Bir gazete daha kapandı. Daha önce kapanan Habertürk gazetesinden sonra Vatan gazetesi de havlu attı. Vatan’da çalışan meslektaşlarımın bir kısmının işsiz kalması üzücü. Ama üzülerek söylemeliyim ki bunun devamı gelecek. Yazılı basını bekleyen son bu.
***
Bu realiteyi oraya buraya çekmeye hiç gerek yok. Muhalif gazetecilik öldü, o yüzden gazeteler kepenk indiriyor demek gerçekçi değil. Öyle olsaydı ‘muhalif’ olarak nitelendirilen gazetelerin satışları artardı. Onlar da tiraj kaybı yaşıyor. Onlar da eriyor.
***
Çünkü okuyucu profili değişiyor. Gazete bayisine gidip gazete alan insan sayısı her geçen gün azalıyor. Bunun da çok basit bir nedeni var: Teknolojik gelişmelere paralel olarak değişen habercilik formatı ve içeriği.
***
Okuyucuların artık tüm dünyayı ceplerinde taşıdıklarını biliyoruz. Akıllı telefonlarla ulaşamayacakları bilgi, okuyamayacakları haber yok. Gazeteler basılı olarak varlıklarını korumak istiyorlarsa (ki bu bile sadece kapanmaya giden yolu biraz daha uzatacaktır) okuyucularına haber kanallarında ve dijital haber platformlarında yer alan haberlere ilişkin ÖZEL İÇERİK üretmek zorunda.
***
Yazılı basının, televizyonlarda ve dijital platformda derinlemesine işlenemeyen haberleri işlemesi, analiz etmesi, perde arkası bilgi vermesi gerekir. Yoksa gazeteye basılan haberler çoktan bayatlamış oluyor.
***
Dediğim gibi bu bile yazılı basının ayakta durmasına çare değil sadece gazetelerin kapanmasını biraz da olsa geciktirir. Tüm gazeteleri bekleyen son gelmeden medya kuruluşları tüm planlarını dijital platforma göre yapmalı. Yeni habercilik anlayışına göre gazeteciler yetiştirilmeli. Ama sadece teknolojiyi iyi kullanan değil gazetecilik nosyonu da olan kişileri seçmeli. En nihayetinde habercilik insan unsurunun en çok ön planda olduğu mesleklerden biri.
Medya ile VEKALET SAVAŞI
Suriye iç savaşı ile birlikte yeni bir kavramla tanıştık: VEKALET SAVAŞI. Doğrudan karşı karşıya gelmek istemeyen devletler çatışma sahasındaki silahlı güçlerden devşirme yoluna gidiyorlar. Suriye’de bu yönteme en çok İran, ABD ve Suudi Arabistan başvurdu. Tarihçiler, Suriye iç savaşını kesinlikle VEKALET SAVAŞI olarak kayda geçecekler.
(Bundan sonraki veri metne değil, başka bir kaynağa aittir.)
text \<open>Arithmetical parts of calP are evaluated in N (SK agrees with classical truth on
  L_N); the atomic P/T parts are evaluated via the partial extensions. Since the Goedel
  numbering is injective, "x codes psi /\ theta" means the sentence is literally And psi theta.\<close>
definition calP_sat :: "pinterp \<Rightarrow> pinterp \<Rightarrow> fm \<Rightarrow> bool" where
  "calP_sat T P \<phi> \<longleftrightarrow>
     (sentence \<phi> \<and> (code \<phi> \<in> Bset \<or> code (neg \<phi>) \<in> Bset)) \<or>
     (\<exists>t. sentence \<phi> \<and> \<phi> = Tr t \<and> tval (\<lambda>_. 0) t \<in> fst P) \<or>
     (\<exists>t. sentence \<phi> \<and> \<phi> = NTr t \<and> tval (\<lambda>_. 0) t \<in> fst P) \<or>
     (\<exists>\<psi> \<theta>. sentence \<phi> \<and> \<phi> = And \<psi> \<theta> \<and>
        ((code \<psi> \<in> fst P \<and> code \<theta> \<in> fst P) \<or> (code \<psi> \<in> fst T \<and> code \<theta> \<in> fst P)
         \<or> (code \<theta> \<in> fst T \<and> code \<psi> \<in> fst P))) \<or>
     (\<exists>\<psi> \<theta>. sentence \<phi> \<and> \<phi> = Or \<psi> \<theta> \<and>
        ((code \<psi> \<in> fst P \<and> code \<theta> \<in> fst P) \<or> (code \<psi> \<in> snd T \<and> code \<theta> \<in> fst P)
         \<or> (code \<theta> \<in> snd T \<and> code \<psi> \<in> fst P))) \<or>
     (\<exists>v \<psi>. sentence \<phi> \<and> \<phi> = All v \<psi> \<and>
        (\<exists>y. code (subst \<psi> v (num y)) \<in> fst P) \<and>
        (\<forall>y. code (subst \<psi> v (num y)) \<in> fst P \<or> code (subst \<psi> v (num y)) \<in> fst T)) \<or>
     (\<exists>v \<psi>. sentence \<phi> \<and> \<phi> = Ex v \<psi> \<and>
        (\<exists>y. code (subst \<psi> v (num y)) \<in> fst P) \<and>
        (\<forall>y. code (subst \<psi> v (num y)) \<in> fst P \<or> code (subst \<psi> v (num y)) \<in> snd T))"

type_synonym state = "pinterp \<times> pinterp"

definition jumpTP :: "state \<Rightarrow> state" where
  "jumpTP S = (let T = fst S; P = snd S in
     (({code \<phi> | \<phi>. sentence \<phi> \<and> modelsSK T P \<phi>},
       {code \<phi> | \<phi>. sentence \<phi> \<and> modelsSK T P (neg \<phi>)}),
      ({code \<phi> | \<phi>. sentence \<phi> \<and> calP_sat T P \<phi>},
       {code \<phi> | \<phi>. sentence \<phi> \<and> modelsSK T P (Or \<phi> (neg \<phi>))})))"

definition state_Union :: "state set \<Rightarrow> state" where
  "state_Union A = (((\<Union>S\<in>A. fst (fst S)), (\<Union>S\<in>A. snd (fst S))),
                    ((\<Union>S\<in>A. fst (snd S)), (\<Union>S\<in>A. snd (snd S))))"

definition empty_state :: state where
  "empty_state = (({}, {}), ({}, {}))"

text \<open>Ordinals are represented as elements of well-ordered types: a has no predecessor
  (stage 0), a largest predecessor b (successor stage b+1), or is a limit.\<close>
definition stage_step :: "('a::wellorder \<Rightarrow> state) \<Rightarrow> 'a \<Rightarrow> state" where
  "stage_step f a =
     (if \<not> (\<exists>b. b < a) then empty_state
      else if (\<exists>b. b < a \<and> (\<forall>c. c < a \<longrightarrow> c \<le> b)) then jumpTP (f (GREATEST b. b < a))
      else state_Union (f ` {b. b < a}))"

definition stage :: "'a::wellorder \<Rightarrow> state" where
  "stage = wfrec {(x, y). x < y} stage_step"

definition consistent :: "state \<Rightarrow> bool" where
  "consistent S \<longleftrightarrow> fst (fst S) \<inter> snd (fst S) = {} \<and> fst (snd S) \<inter> snd (snd S) = {}"

end

theory Submission
  imports Defs "HOL-Library.Product_Order"
begin

text \<open>Every stage \<open>S\<close> lies below its own jump, so each code in \<open>T\<^sup>+\<close>, \<open>T\<^sup>-\<close>, \<open>P\<^sup>+\<close>
  names a sentence that is true, false, resp. satisfies \<open>\<P>\<close> in \<open>S\<close> itself. If moreover \<open>S\<close> is
  consistent and \<open>P\<^sup>+\<close> is disjoint from \<open>T\<^sup>+ \<union> T\<^sup>-\<close>, no sentence satisfying \<open>\<P>\<close> is true
  or false in \<open>S\<close>, by induction on the sentence: a base paradoxical sentence is neither, since
  consistent partial models satisfy every sequent derivable in PA[SK], and every compositional
  clause of \<open>\<P>\<close> requires some component to lie in \<open>P\<^sup>+\<close>, hence to be indeterminate by
  induction, and any other component it mentions has the truth value that leaves the compound
  indeterminate too. This soundness of \<open>S\<close> is exactly the disjointness
  of \<open>P\<^sup>+\<close> from \<open>T\<^sup>+ \<union> T\<^sup>-\<close> in the jump of \<open>S\<close>, so disjointness passes to successor stages,
  and to limit stages because the stages increase.\<close>

lemma tval_num [simp]: "tval e (num n) = n"
  by (induction n) auto

lemma tvars_num [simp]: "tvars (num n) = {}"
  by (induction n) auto

lemma neg_neg [simp]: "neg (neg \<phi>) = \<phi>"
  by (induction \<phi>) auto

lemma neg_subst: "neg (subst \<phi> x u) = subst (neg \<phi>) x u"
  by (induction \<phi>) auto

lemma size_subst [simp]: "size (subst \<phi> x u) = size \<phi>"
  by (induction \<phi>) auto

lemma inj_tcode: "inj tcode"
proof (rule injI)
  show "tcode s = tcode t \<Longrightarrow> s = t" for s t
    by (induction s arbitrary: t; case_tac t) auto
qed

lemma inj_code: "inj code"
proof (rule injI)
  show "code \<phi> = code \<psi> \<Longrightarrow> \<phi> = \<psi>" for \<phi> \<psi>
    by (induction \<phi> arbitrary: \<psi>; case_tac \<psi>) (auto dest: injD[OF inj_tcode])
qed

lemma freefor_closed: "tvars u = {} \<Longrightarrow> freefor u x \<phi>"
  by (induction \<phi>) auto

lemma tsubst_notin: "x \<notin> tvars s \<Longrightarrow> tsubst s x u = s"
  by (induction s) auto

lemma subst_notin: "x \<notin> fv \<phi> \<Longrightarrow> subst \<phi> x u = \<phi>"
  by (induction \<phi>) (auto simp: tsubst_notin)

lemma tval_coinc: "\<forall>v\<in>tvars s. e v = e' v \<Longrightarrow> tval e s = tval e' s"
  by (induction s) auto

lemma sat_coinc:
  "\<forall>v\<in>fv \<phi>. e v = e' v \<Longrightarrow> satSK T P e \<phi> = satSK T P e' \<phi>"
proof (induction \<phi> arbitrary: e e')
  case (All x a)
  then have "satSK T P (e(x := n)) a = satSK T P (e'(x := n)) a" for n
    by (intro All.IH) auto
  then show ?case
    by simp
next
  case (Ex x a)
  then have "satSK T P (e(x := n)) a = satSK T P (e'(x := n)) a" for n
    by (intro Ex.IH) auto
  then show ?case
    by simp
qed (auto simp: ball_Un dest!: tval_coinc)

lemma sat_fun_upd_fresh: "x \<notin> fv \<phi> \<Longrightarrow> satSK T P (e(x := n)) \<phi> = satSK T P e \<phi>"
  by (rule sat_coinc) auto

lemma tval_tsubst: "tval e (tsubst s x u) = tval (e(x := tval e u)) s"
  by (induction s) auto

lemma sat_subst_below_binder:
  assumes IH: "\<And>e. freefor u x a \<Longrightarrow> satSK T P e (subst a x u) = satSK T P (e(x := tval e u)) a"
    and "y \<noteq> x" and "x \<notin> fv a - {y} \<or> y \<notin> tvars u \<and> freefor u x a"
  shows "satSK T P (e(y := n)) (subst a x u) = satSK T P (e(x := tval e u, y := n)) a"
  using assms(3)
proof
  assume "x \<notin> fv a - {y}"
  then show ?thesis
    using \<open>y \<noteq> x\<close> by (simp add: subst_notin sat_fun_upd_fresh fun_upd_twist)
next
  assume fresh: "y \<notin> tvars u \<and> freefor u x a"
  then have "tval (e(y := n)) u = tval e u"
    by (intro tval_coinc) auto
  then show ?thesis
    using IH fresh \<open>y \<noteq> x\<close> by (simp add: fun_upd_twist)
qed

lemma sat_subst:
  "freefor u x \<phi> \<Longrightarrow> satSK T P e (subst \<phi> x u) = satSK T P (e(x := tval e u)) \<phi>"
proof (induction \<phi> arbitrary: e)
  case (All y a)
  show ?case
  proof (cases "y = x")
    case False
    then have "satSK T P (e(y := n)) (subst a x u) = satSK T P (e(x := tval e u, y := n)) a" for n
      using All.prems by (intro sat_subst_below_binder[OF All.IH]) auto
    then show ?thesis
      using False by (simp del: fun_upd_apply)
  qed (simp del: fun_upd_apply)
next
  case (Ex y a)
  show ?case
  proof (cases "y = x")
    case False
    then have "satSK T P (e(y := n)) (subst a x u) = satSK T P (e(x := tval e u, y := n)) a" for n
      using Ex.prems by (intro sat_subst_below_binder[OF Ex.IH]) auto
    then show ?thesis
      using False by (simp del: fun_upd_apply)
  qed (simp del: fun_upd_apply)
qed (simp_all add: tval_tsubst)

lemma sat_consistent:
  "consistent (T, P) \<Longrightarrow> \<not> (satSK T P e \<phi> \<and> satSK T P e (neg \<phi>))"
  by (induction \<phi> arbitrary: e) (auto simp: consistent_def)

lemma sat_mono: "satSK T P e \<phi> \<Longrightarrow> T \<le> T' \<Longrightarrow> P \<le> P' \<Longrightarrow> satSK T' P' e \<phi>"
  by (induction \<phi> arbitrary: e) (auto simp: less_eq_prod_def)

lemma modelsSK_simps:
  "modelsSK T P (Tr t) \<longleftrightarrow> tval (\<lambda>_. 0) t \<in> fst T"
  "modelsSK T P (NTr t) \<longleftrightarrow> tval (\<lambda>_. 0) t \<in> snd T"
  "modelsSK T P (And \<psi> \<theta>) \<longleftrightarrow> modelsSK T P \<psi> \<and> modelsSK T P \<theta>"
  "modelsSK T P (Or \<psi> \<theta>) \<longleftrightarrow> modelsSK T P \<psi> \<or> modelsSK T P \<theta>"
  "modelsSK T P (All v \<psi>) \<longleftrightarrow> (\<forall>n. modelsSK T P (subst \<psi> v (num n)))"
  "modelsSK T P (Ex v \<psi>) \<longleftrightarrow> (\<exists>n. modelsSK T P (subst \<psi> v (num n)))"
  by (simp_all add: modelsSK_def sat_subst freefor_closed)

lemma sat_fun_upd_fresh_fvs:
  "y \<notin> fvs \<Gamma> \<Longrightarrow> \<phi> \<in> \<Gamma> \<Longrightarrow> satSK T P (e(y := n)) \<phi> = satSK T P e \<phi>"
  by (metis UN_I fvs_def sat_fun_upd_fresh)

lemma PASK_sound:
  assumes "PASK \<Gamma> \<Delta>" and "consistent (T, P)" and "\<forall>\<phi>\<in>\<Gamma>. satSK T P e \<phi>"
  shows "\<exists>\<psi>\<in>\<Delta>. satSK T P e \<psi>"
  using assms(1,3)
proof (induction arbitrary: e rule: PASK.induct)
  case (negL \<Gamma> \<phi> \<Delta>)
  then show ?case
    using sat_consistent[OF assms(2)] by blast
next
  case (allL t x \<phi> \<Gamma> \<Delta>)
  then show ?case
    by (simp add: sat_subst)
next
  case (exR t x \<phi> \<Gamma> \<Delta>)
  then show ?case
    by (auto simp: sat_subst)
next
  case (allR y x \<phi> \<Gamma> \<Delta>)
  show ?case
  proof (rule ccontr)
    assume none: "\<not> (\<exists>\<psi>\<in>insert (All x \<phi>) \<Delta>. satSK T P e \<psi>)"
    have "satSK T P (e(x := n)) \<phi>" for n
    proof -
      have "\<forall>\<chi>\<in>\<Gamma>. satSK T P (e(y := n)) \<chi>" "\<not> (\<exists>\<psi>\<in>\<Delta>. satSK T P (e(y := n)) \<psi>)"
        using allR.prems none allR.hyps(2) by (auto simp: sat_fun_upd_fresh_fvs)
      then have "satSK T P (e(y := n)) (subst \<phi> x (Var y))"
        using allR.IH by blast
      moreover have "satSK T P (e(y := n, x := n)) \<phi> = satSK T P (e(x := n)) \<phi>"
        using allR.hyps(2) by (intro sat_coinc) auto
      ultimately show ?thesis
        using allR.hyps(1) by (simp add: sat_subst)
    qed
    then show False
      using none by simp
  qed
next
  case (exL y x \<phi> \<Gamma> \<Delta>)
  then obtain n where n: "satSK T P (e(x := n)) \<phi>"
    by auto
  have "satSK T P (e(y := n, x := n)) \<phi> = satSK T P (e(x := n)) \<phi>"
    using exL.hyps(2) by (intro sat_coinc) auto
  then have "satSK T P (e(y := n)) (subst \<phi> x (Var y))"
    using exL.hyps(1) n by (simp add: sat_subst)
  moreover have "\<forall>\<chi>\<in>\<Gamma>. satSK T P (e(y := n)) \<chi>"
    using exL.prems exL.hyps(2) by (auto simp: sat_fun_upd_fresh_fvs)
  ultimately obtain \<psi> where "\<psi> \<in> \<Delta>" "satSK T P (e(y := n)) \<psi>"
    using exL.IH by blast
  then show ?case
    using exL.hyps(2) by (auto simp: sat_fun_upd_fresh_fvs)
next
  case (repl s x \<phi> t \<Gamma> \<Delta>)
  then show ?case
    by (cases "tval e s = tval e t") (auto simp: sat_subst)
next
  case (ind x \<Gamma> \<Delta> \<phi> t)
  show ?case
  proof (rule ccontr)
    assume none: "\<not> (\<exists>\<psi>\<in>insert (subst \<phi> x t) \<Delta>. satSK T P e \<psi>)"
    have step: "satSK T P (e(x := n)) \<phi> \<Longrightarrow> satSK T P (e(x := Suc n)) \<phi>" for n
    proof -
      assume "satSK T P (e(x := n)) \<phi>"
      then have "\<forall>\<chi>\<in>insert \<phi> \<Gamma>. satSK T P (e(x := n)) \<chi>"
        using ind.prems ind.hyps(1) by (auto simp: sat_fun_upd_fresh_fvs)
      moreover have "\<not> (\<exists>\<psi>\<in>\<Delta>. satSK T P (e(x := n)) \<psi>)"
        using none ind.hyps(1) by (auto simp: sat_fun_upd_fresh_fvs)
      ultimately have "satSK T P (e(x := n)) (subst \<phi> x (Sc (Var x)))"
        using ind.IH by blast
      then show ?thesis
        using ind.hyps(2) by (simp add: sat_subst)
    qed
    have "satSK T P (e(x := n)) \<phi>" for n
    proof (induction n)
      case 0
      then show ?case
        using ind.prems by (simp add: sat_subst freefor_closed del: fun_upd_apply)
    next
      case (Suc n)
      then show ?case
        by (rule step)
    qed
    then show False
      using none ind.hyps(3) by (simp add: sat_subst)
  qed
qed auto

primrec P_clause :: "pinterp \<Rightarrow> pinterp \<Rightarrow> fm \<Rightarrow> bool" where
  "P_clause T P (Eq s t) = False"
| "P_clause T P (Neq s t) = False"
| "P_clause T P (Tr t) = (tval (\<lambda>_. 0) t \<in> fst P)"
| "P_clause T P (NTr t) = (tval (\<lambda>_. 0) t \<in> fst P)"
| "P_clause T P (Pr t) = False"
| "P_clause T P (NPr t) = False"
| "P_clause T P (And \<psi> \<theta>) =
     (code \<psi> \<in> fst P \<and> code \<theta> \<in> fst P \<or> code \<psi> \<in> fst T \<and> code \<theta> \<in> fst P
      \<or> code \<theta> \<in> fst T \<and> code \<psi> \<in> fst P)"
| "P_clause T P (Or \<psi> \<theta>) =
     (code \<psi> \<in> fst P \<and> code \<theta> \<in> fst P \<or> code \<psi> \<in> snd T \<and> code \<theta> \<in> fst P
      \<or> code \<theta> \<in> snd T \<and> code \<psi> \<in> fst P)"
| "P_clause T P (All v \<psi>) =
     ((\<exists>n. code (subst \<psi> v (num n)) \<in> fst P) \<and>
      (\<forall>n. code (subst \<psi> v (num n)) \<in> fst P \<or> code (subst \<psi> v (num n)) \<in> fst T))"
| "P_clause T P (Ex v \<psi>) =
     ((\<exists>n. code (subst \<psi> v (num n)) \<in> fst P) \<and>
      (\<forall>n. code (subst \<psi> v (num n)) \<in> fst P \<or> code (subst \<psi> v (num n)) \<in> snd T))"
Her savaşta olduğu gibi bu savaşlarda da medya stratejik bir görev üstlendi. Özellikle İran ve Suudi Arabistan, gizlice bazı televizyon kanallarını ve haber sitelerini fonluyor. Genelde de bu bu tip propaganda yayını yapan medya kuruluşlarının merkezi ya Avrupa ya da ABD’de yer alıyor.
Kaşıkçı cinayeti sürecinde Batı medyasında bu tip yayın kuruluşlarıyla ilgili köşe yazıları, analizler ve haberler daha geniş yer buldu.
Özellikle Suudilerin el atından desteklediği çok sayıda medya kuruluşu olduğu düşünülüyor. Geçtiğimiz hafta İngiltere merkezli The Guardian gazetesi, Londra’da Suudilerin fonladığı bir televizyonla ilgili geniş bir makale yayınladı. Özetle, İran TV adını koydukları bu televizyonla Suudilerin propaganda yaptıklarına vurgu yapılıyor. İran TV’nin sermayesi ile ilgili ciddi iddialara yer veriyor.